* Task goal
How many lines of the data contain "dots"? Reply with the number alone.

* Given entries
lemma left_tracker_step:
  assumes q: "last_exit_below (i k + M) q"
  shows "last_exit_below (i (Suc k) + M) (hp q + last_exit (w q))"
proof -
  have qE: "w q \<in> E" using q unfolding last_exit_below_def by auto
  have start: "i (Suc k) = hp q + last_out (w q) + 1" using start_from_left_tracker[OF q] .
  have "w r \<notin> E" if r: "hp q + last_exit (w q) < r" "r < i (Suc k) + M" for r
  proof
    assume rE: "w r \<in> E"
    obtain R t where Rt: "r = hp R + t" "t < length (h (w R))" using position_in_block by blast
    have RE: "w R \<in> E" using exiting_in_exiting_block[of R t] rE Rt by simp
    consider "R < q" | "R = q" | "q < R" by linarith
    then show False
    proof cases
      case 1
      then show False using hp_mono[of "Suc R" q] hp_Suc[of R] Rt r by simp
    next
      case 2
      then show False using last_index_greatest[of t "h (w q)"] Rt rE fixed r by fastforce
    next
      case 3
      then have "i k + M \<le> R" using q RE unfolding last_exit_below_def by (metis not_le)
      then have "i (Suc k) + M \<le> hp R" by (rule exiting_beyond_left_window[OF _ RE])
      then show False using Rt r by linarith
    qed
  qed
  moreover have "hp q + last_exit (w q) < i (Suc k) + M"
    using exit_offsets[OF qE] image_length_le[of "w q"] start by linarith
  ultimately show ?thesis
    unfolding last_exit_below_def using exit_offsets[OF qE] fixed by simp
qed

definition first_exit_from :: "nat \<Rightarrow> nat \<Rightarrow> bool" where
  "first_exit_from X q \<longleftrightarrow> X \<le> q \<and> w q \<in> E \<and> (\<forall>r. X \<le> r \<and> r < q \<longrightarrow> w r \<notin> E)"

lemma right_boundary_block:
  "\<exists>Q t. Suc (j (Suc k)) = hp Q + t \<and> t < length (h (w Q)) \<and> w Q \<in> E \<and> j k - M + 1 \<le> Q"
proof -
  obtain Q t where Qt: "Suc (j (Suc k)) = hp Q + t" "t < length (h (w Q))"
    using position_in_block by blast
  have "w Q \<in> E" using out_in_exiting_block[of Q t] after_end[of "Suc k"] Qt by simp
  moreover have "j k - M + 1 \<le> Q"
  proof (rule ccontr)
    assume "\<not> j k - M + 1 \<le> Q"
    then have "hp (Suc Q) \<le> hp (j k - M + 1)" by (simp add: hp_mono)
    with Qt next_end_bound[of k] hp_Suc[of Q] show False by linarith
  qed
  ultimately show ?thesis using Qt by blast
qed

lemma right_tracker_exists: "\<exists>q. first_exit_from (j k - M + 1) q"
proof -
  let ?S = "{r. j k - M + 1 \<le> r \<and> w r \<in> E}"
  have "?S \<noteq> {}" using right_boundary_block[of k] by blast
  then have "(LEAST r. r \<in> ?S) \<in> ?S" by (metis LeastI_ex all_not_in_conv)
  moreover have "w r \<notin> E" if "j k - M + 1 \<le> r" "r < (LEAST r. r \<in> ?S)" for r
    using that not_less_Least by blast
  ultimately show ?thesis unfolding first_exit_from_def by blast
qed

lemma end_from_right_tracker:
  assumes q: "first_exit_from (j k - M + 1) q"
  shows "Suc (j (Suc k)) = hp q + first_out (w q)"
proof -
  obtain Q t where Qt: "Suc (j (Suc k)) = hp Q + t" "t < length (h (w Q))"
    and QE: "w Q \<in> E" and QI: "j k - M + 1 \<le> Q"
    using right_boundary_block by blast
  have qE: "w q \<in> E" and qQ: "q \<le> Q" and qI: "j k - M + 1 \<le> q"
    using q QE QI unfolding first_exit_from_def by (auto simp: not_le[symmetric])
  have block_in_run: "i (Suc k) \<le> hp q"
    using hp_mono[OF qI] inner_window[of k] next_start_le[of k] by linarith
  have "Q = q"
  proof (rule ccontr)
    assume "Q \<noteq> q"
    then have "hp (Suc q) \<le> hp Q" using qQ hp_mono by simp
    moreover have "w (hp q + first_out (w q)) \<notin> D" using out_offsets[OF qE] fixed by simp
    ultimately show False
      using in_run[of "Suc k" "hp q + first_out (w q)"] out_offsets[OF qE] hp_Suc[of q]
        Qt block_in_run by linarith
  qed
  have "first_out (w q) = t"
  proof (rule first_index_eqI)
    show "t < length (h (w q))" and "h (w q) ! t \<notin> D"
      using fixed[of t q] Qt \<open>Q = q\<close> after_end[of "Suc k"] by auto
    fix t' assume "t' < t"
    then show "\<not> h (w q) ! t' \<notin> D"
      using in_run[of "Suc k" "hp q + t'"] fixed[of t' q] Qt \<open>Q = q\<close> block_in_run by auto
  qed
  then show ?thesis using Qt \<open>Q = q\<close> by simp
qed

lemma exiting_before_right_window:
  assumes "R < j k - M + 1" and RE: "w R \<in> E"
  shows "hp (Suc R) \<le> j (Suc k) - M + 1"
proof -
  have "hp (Suc R) \<le> Suc (j (Suc k))"
    using hp_mono[of "Suc R" "j k - M + 1"] assms(1) next_end_bound[of k] by simp
  then have "hp R + last_out (w R) \<le> j (Suc k)" using out_offsets[OF RE] hp_Suc[of R] by linarith
  moreover have "w (hp R + last_out (w R)) \<notin> D" using out_offsets[OF RE] fixed by simp
  ultimately have "hp R + last_out (w R) < i (Suc k)"
    using in_run[of "Suc k"] not_le by blast
  then show ?thesis
    using hp_Suc[of R] image_length_le[of "w R"] run_long2[of "Suc k"] M_le_end[of "Suc k"]
    by linarith
qed

lemma right_tracker_step:
  assumes q: "first_exit_from (j k - M + 1) q"
  shows "first_exit_from (j (Suc k) - M + 1) (hp q + first_exit (w q))"
proof -
  have qE: "w q \<in> E" using q unfolding first_exit_from_def by auto
  have "w r \<notin> E" if r: "j (Suc k) - M + 1 \<le> r" "r < hp q + first_exit (w q)" for r
  proof
    assume rE: "w r \<in> E"
    obtain R t where Rt: "r = hp R + t" "t < length (h (w R))" using position_in_block by blast
    have RE: "w R \<in> E" using exiting_in_exiting_block[of R t] rE Rt by simp
    consider "R < q" | "R = q" | "q < R" by linarith
    then show False
    proof cases
      case 1
      then have "R < j k - M + 1" using q RE unfolding first_exit_from_def by (metis not_le)
      then have "hp (Suc R) \<le> j (Suc k) - M + 1" by (rule exiting_before_right_window[OF _ RE])
      then show False using hp_Suc[of R] Rt r by linarith
    next
      case 2
      then show False using first_index_least[of t "h (w q)"] Rt rE fixed r by fastforce
    next
      case 3
      then show False
        using hp_mono[of "Suc q" R] hp_Suc[of q] exit_offsets[OF qE] Rt r by simp
    qed
  qed
  moreover have "j (Suc k) - M + 1 \<le> hp q + first_exit (w q)"
    using end_from_right_tracker[OF q] out_offsets[OF qE] image_length_le[of "w q"]
      M_le_end[of "Suc k"] by linarith
  ultimately show ?thesis
    unfolding first_exit_from_def using exit_offsets[OF qE] fixed by simp
qed

definition left_tracker :: "nat \<Rightarrow> nat" where
  "left_tracker = rec_nat (SOME q. last_exit_below (i 0 + M) q) (\<lambda>_ q. hp q + last_exit (w q))"

definition right_tracker :: "nat \<Rightarrow> nat" where
  "right_tracker = rec_nat (SOME q. first_exit_from (j 0 - M + 1) q) (\<lambda>_ q. hp q + first_exit (w q))"

lemma left_tracker_0: "left_tracker 0 = (SOME q. last_exit_below (i 0 + M) q)"
  by (simp add: left_tracker_def)

lemma left_tracker_Suc: "left_tracker (Suc k) = hp (left_tracker k) + last_exit (w (left_tracker k))"
  by (simp add: left_tracker_def)

lemma right_tracker_0: "right_tracker 0 = (SOME q. first_exit_from (j 0 - M + 1) q)"
  by (simp add: right_tracker_def)

lemma right_tracker_Suc: "right_tracker (Suc k) = hp (right_tracker k) + first_exit (w (right_tracker k))"
  by (simp add: right_tracker_def)

lemma left_tracker: "last_exit_below (i k + M) (left_tracker k)"
proof (induction k)
  case 0
  show ?case unfolding left_tracker_0 by (rule someI_ex[OF left_tracker_exists])
next
  case (Suc k)
  show ?case unfolding left_tracker_Suc by (rule left_tracker_step[OF Suc.IH])
qed

lemma right_tracker: "first_exit_from (j k - M + 1) (right_tracker k)"
proof (induction k)
  case 0
  show ?case unfolding right_tracker_0 by (rule someI_ex[OF right_tracker_exists])
next
  case (Suc k)
  show ?case unfolding right_tracker_Suc by (rule right_tracker_step[OF Suc.IH])
qed

lemma left_tracker_letter:
  "w (left_tracker (Suc k)) = h (w (left_tracker k)) ! last_exit (w (left_tracker k))"
  unfolding left_tracker_Suc
  using left_tracker[of k] exit_offsets(3) fixed unfolding last_exit_below_def by blast

lemma right_tracker_letter:
  "w (right_tracker (Suc k)) = h (w (right_tracker k)) ! first_exit (w (right_tracker k))"
  unfolding right_tracker_Suc
  using right_tracker[of k] exit_offsets(1) fixed unfolding first_exit_from_def by blast

(* The stretches sigma^(k+2) and rho^(k+2) read off inside h(h(x)), x the tracked letter. *)
definition left_stretch_of :: "'a \<Rightarrow> 'a stretch" where
  "left_stretch_of x = signed_factor ((!) (hom h (h x)))
     (length (hom h (take (last_exit x) (h x))) + last_out (h x ! last_exit x) + 1)
     (length (hom h (take (Suc (last_out x)) (h x))))"

definition right_stretch_of :: "'a \<Rightarrow> 'a stretch" where
  "right_stretch_of x = signed_factor ((!) (hom h (h x)))
     (length (hom h (take (first_out x) (h x))))
     (length (hom h (take (first_exit x) (h x))) + first_out (h x ! first_exit x))"

lemma left_stretch_from_tracker:
  "left_stretch h w (i (Suc k)) (i (Suc (Suc k))) = left_stretch_of (w (left_tracker k))"
proof -
  define P where "P = left_tracker k"
  define x where "x = w P"
  define hh where "hh = hom h (h x)"
  have xE: "x \<in> E" using left_tracker[of k] unfolding x_def P_def last_exit_below_def by simp
  note out = out_offsets[OF xE] and ex = exit_offsets[OF xE]
  have start1: "hp (i (Suc k)) = hp (hp P) + length (hom h (take (Suc (last_out x)) (h x)))"
    using start_from_left_tracker[OF left_tracker[of k]] hp_in_block[of "Suc (last_out x)" P] out
    unfolding P_def x_def by simp
  have tracker1: "hp (left_tracker (Suc k)) = hp (hp P) + length (hom h (take (last_exit x) (h x)))"
    using hp_in_block[of "last_exit x" P] ex unfolding P_def x_def left_tracker_Suc by simp
  have start2: "i (Suc (Suc k)) = hp (hp P)
      + (length (hom h (take (last_exit x) (h x))) + last_out (h x ! last_exit x) + 1)"
    using start_from_left_tracker[OF left_tracker[of "Suc k"]] tracker1 left_tracker_letter[of k]
    unfolding P_def x_def by simp
  have bounds: "length (hom h (take (Suc (last_out x)) (h x))) \<le> length hh"
    "length (hom h (take (last_exit x) (h x))) + last_out (h x ! last_exit x) + 1 \<le> length hh"
    using length_hom_take_le length_hom_take_nth[OF ex(3), of h] out_offsets(3)[OF ex(4)]
    unfolding hh_def by simp_all
  have "left_stretch h w (i (Suc k)) (i (Suc (Suc k))) = left_stretch_of x"
    unfolding left_stretch_signed_factor start1 start2 left_stretch_of_def hh_def[symmetric]
    by (rule signed_factor_shift[OF _ bounds(2,1)]) (simp add: second_image hh_def x_def)
  then show ?thesis unfolding x_def P_def .
qed

lemma right_stretch_from_tracker:
  "right_stretch h w (j (Suc k)) (j (Suc (Suc k))) = right_stretch_of (w (right_tracker k))"
proof -
  define P where "P = right_tracker k"
  define x where "x = w P"
  define hh where "hh = hom h (h x)"
  have xE: "x \<in> E" using right_tracker[of k] unfolding x_def P_def first_exit_from_def by simp
  note out = out_offsets[OF xE] and ex = exit_offsets[OF xE]
  have end1: "hp (Suc (j (Suc k))) = hp (hp P) + length (hom h (take (first_out x) (h x)))"
    using end_from_right_tracker[OF right_tracker[of k]] hp_in_block[of "first_out x" P] out
    unfolding P_def x_def by simp
  have tracker1: "hp (right_tracker (Suc k)) = hp (hp P) + length (hom h (take (first_exit x) (h x)))"
    using hp_in_block[of "first_exit x" P] ex unfolding P_def x_def right_tracker_Suc by simp
  have end2: "Suc (j (Suc (Suc k))) = hp (hp P)
      + (length (hom h (take (first_exit x) (h x))) + first_out (h x ! first_exit x))"
    using end_from_right_tracker[OF right_tracker[of "Suc k"]] tracker1 right_tracker_letter[of k]
    unfolding P_def x_def by simp
  have bounds: "length (hom h (take (first_out x) (h x))) \<le> length hh"
    "length (hom h (take (first_exit x) (h x))) + first_out (h x ! first_exit x) \<le> length hh"
    using length_hom_take_nth[of "first_out x" "h x" h] length_hom_take_nth[of "first_exit x" "h x" h]
      out ex(1) out_offsets[OF ex(2)] unfolding hh_def by auto
  have "right_stretch h w (j (Suc k)) (j (Suc (Suc k)))
      = signed_factor w (hp (Suc (j (Suc k)))) (Suc (j (Suc (Suc k))))"
    using le_hp[of "Suc (j (Suc k))"] by (intro right_stretch_signed_factor) simp
  also have "\<dots> = right_stretch_of x"
    unfolding end1 end2 right_stretch_of_def hh_def[symmetric]
    by (rule signed_factor_shift[OF _ bounds(1,2)]) (simp add: second_image hh_def x_def)
  finally show ?thesis unfolding x_def P_def .
qed

lemma stretches_ultimately_periodic:
  assumes "finite (UNIV :: 'a set)"
  shows "ultimately_periodic (\<lambda>k. left_stretch h w (i k) (i (Suc k)))"
    and "ultimately_periodic (\<lambda>k. right_stretch h w (j k) (j (Suc k)))"
proof -
  have "ultimately_periodic (\<lambda>k. w (left_tracker k))"
    using left_tracker_letter assms by (intro iterate_ultimately_periodic) (auto intro: finite_subset)
  then show "ultimately_periodic (\<lambda>k. left_stretch h w (i k) (i (Suc k)))"
    using left_stretch_from_tracker by (rule ultimately_periodic_shifted_image)
  have "ultimately_periodic (\<lambda>k. w (right_tracker k))"
    using right_tracker_letter assms by (intro iterate_ultimately_periodic) (auto intro: finite_subset)
  then show "ultimately_periodic (\<lambda>k. right_stretch h w (j k) (j (Suc k)))"
    using right_stretch_from_tracker by (rule ultimately_periodic_shifted_image)
qed
lemma pgf_nonneg: "degree_dist g \<Longrightarrow> 0 \<le> x \<Longrightarrow> x \<le> 1 \<Longrightarrow> 0 \<le> pgf g x"
  unfolding pgf_def by (intro suminf_nonneg degree_dist_summable_bounded[where C = 1])
    (auto simp: degree_dist_nonneg power_le_one)

lemma pgf_le_one:
  assumes "degree_dist g" "0 \<le> x" "x \<le> 1"
  shows "pgf g x \<le> 1"
  using degree_dist_suminf_mono[OF assms(1), of "\<lambda>k. x ^ k" 1 "\<lambda>_. 1" 1] assms
  by (simp add: pgf_def suminf_degree_dist power_le_one)

lemma pgf_shift_dist:
  assumes "degree_dist g" "\<bar>x\<bar> \<le> 1"
  shows "pgf (shift_dist s g) x = x ^ s * pgf g x"
proof -
  have "(\<lambda>i. g i * x ^ (i + s)) sums (x ^ s * pgf g x)"
    using sums_mult[OF pgf_sums[OF assms], of "x ^ s"] by (simp add: power_add algebra_simps)
  then show ?thesis
    using sums_shift_dist[of g "\<lambda>k. x ^ k"] by (simp add: pgf_def sums_iff)
qed

lemma Gamma_mix_dist:
  assumes "degree_dist a" "degree_dist b" "0 \<le> L" "L \<le> 1"
  shows "Gamma (mix_dist w a b) L = (1 - w) * Gamma a L + w * Gamma b L"
proof -
  have "(\<lambda>k. mix_dist w a b k * (1 - L) ^ k) sums ((1 - w) * pgf a (1 - L) + w * pgf b (1 - L))"
    using assms by (intro sums_mix_dist pgf_sums) auto
  then show ?thesis
    by (simp add: Gamma_def pgf_def sums_iff algebra_simps)
qed

lemma
  assumes "degree_dist g" "0 \<le> L" "L \<le> 1"
  shows Gamma_nonneg: "0 \<le> Gamma g L"
    and Gamma_le_one: "Gamma g L \<le> 1"
  using assms pgf_le_one[of g "1 - L"] pgf_nonneg[of g "1 - L"] by (simp_all add: Gamma_eq_pgf)

lemma Gamma_zero: "degree_dist g \<Longrightarrow> Gamma g 0 = 0"
  by (simp add: Gamma_def suminf_degree_dist)

lemma Gamma_one: "degree_dist g \<Longrightarrow> Gamma g 1 = 1"
  using pgf_sums[of g 0] sums_single[of 0 g]
  by (simp add: Gamma_eq_pgf degree_dist_zero sums_iff)

lemma Gamma_ge_self:
  assumes "degree_dist g" "0 \<le> L" "L \<le> 1"
  shows "L \<le> Gamma g L"
proof -
  have "pgf g (1 - L) \<le> (\<Sum>k. g k * (1 - L))"
    unfolding pgf_def using assms
    by (intro degree_dist_suminf_mono[where C = 1 and C' = 1])
      (use power_decreasing[of 1 _ "1 - L"] degree_dist_pos_imp_ge_one[OF assms(1)] in
        \<open>auto simp: power_le_one\<close>)
  moreover have "(\<Sum>k. g k * (1 - L)) = 1 - L"
    using suminf_mult2[of g "1 - L"] assms(1) by (simp add: degree_dist_def)
  ultimately show ?thesis by (simp add: Gamma_eq_pgf)
qed

lemma Gamma_le_mult_mean:
  assumes "degree_dist g" "0 \<le> L" "L \<le> 1"
  shows "Gamma g L \<le> L * mean_deg g"
proof -
  have lin: "(\<lambda>k. g k * (1 - real k * L)) sums (1 - L * mean_deg g)"
    using sums_diff[OF degree_dist_sums[OF assms(1)] sums_mult[OF degree_dist_mean_sums[OF assms(1)], of L]]
    by (simp add: algebra_simps)
  have le: "g k * (1 - real k * L) \<le> g k * (1 - L) ^ k" for k
  proof -
    have "1 - real k * L \<le> (1 - L) ^ k"
      using Bernoulli_inequality[of "- L" k] assms by simp
    then show ?thesis by (intro mult_left_mono degree_dist_nonneg assms(1))
  qed
  have "(\<lambda>k. g k * (1 - L) ^ k) sums pgf g (1 - L)"
    using assms by (intro pgf_sums) auto
  with le lin have "1 - L * mean_deg g \<le> pgf g (1 - L)"
    by (rule sums_le)
  then show ?thesis by (simp add: Gamma_eq_pgf)
qed

lemma Gamma_shift_dist_ge:
  assumes "degree_dist g" "0 \<le> L" "L \<le> 1"
  shows "1 - (1 - L) ^ s \<le> Gamma (shift_dist s g) L"
proof -
  have "(1 - L) ^ s * pgf g (1 - L) \<le> (1 - L) ^ s"
    using assms pgf_le_one[of g "1 - L"] by (intro mult_left_le) auto
  then show ?thesis
    using assms by (simp add: Gamma_eq_pgf pgf_shift_dist)
qed

definition phi_base :: "(nat \<Rightarrow> real) \<Rightarrow> real \<Rightarrow> real" where
  "phi_base g L = (\<Sum>k. g k * (1 - (1 - L) ^ k) / (real k * L))"

lemma phi_eq: "phi g L p = (1 - p) * phi_base g L"
  by (simp add: phi_def phi_base_def)

lemma phi_base_zero: "phi_base g 0 = 0"
  by (simp add: phi_base_def)

lemma one_sub_power_le:
  fixes L :: real
  assumes "0 \<le> L" "L \<le> 1"
  shows "1 - (1 - L) ^ k \<le> real k * L"
  using Bernoulli_inequality[of "- L" k] assms by simp

lemma mult_power_le_one_sub_power:
  fixes L :: real
  assumes "0 \<le> L" "L \<le> 1"
  shows "real k * L * (1 - L) ^ k \<le> 1 - (1 - L) ^ k"
proof -
  have "real k * (1 - L) ^ k = (\<Sum>i<k. (1 - L) ^ k)" by simp
  also have "\<dots> \<le> (\<Sum>i<k. (1 - L) ^ i)"
    using assms by (intro sum_mono power_decreasing) auto
  finally have "L * (real k * (1 - L) ^ k) \<le> L * (\<Sum>i<k. (1 - L) ^ i)"
    using assms by (intro mult_left_mono) auto
  also have "\<dots> = 1 - (1 - L) ^ k"
    using one_diff_power_eq[of "1 - L" k] by simp
  finally show ?thesis by (simp add: algebra_simps)
qed

lemma
  fixes L :: real
  assumes "0 < L" "L \<le> 1" "1 \<le> k"
  shows one_sub_power_div_le_one: "(1 - (1 - L) ^ k) / (real k * L) \<le> 1"
    and power_le_one_sub_power_div: "(1 - L) ^ k \<le> (1 - (1 - L) ^ k) / (real k * L)"
  using one_sub_power_le[of L k] mult_power_le_one_sub_power[of L k] assms
  by (simp_all add: field_simps)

* Solution
3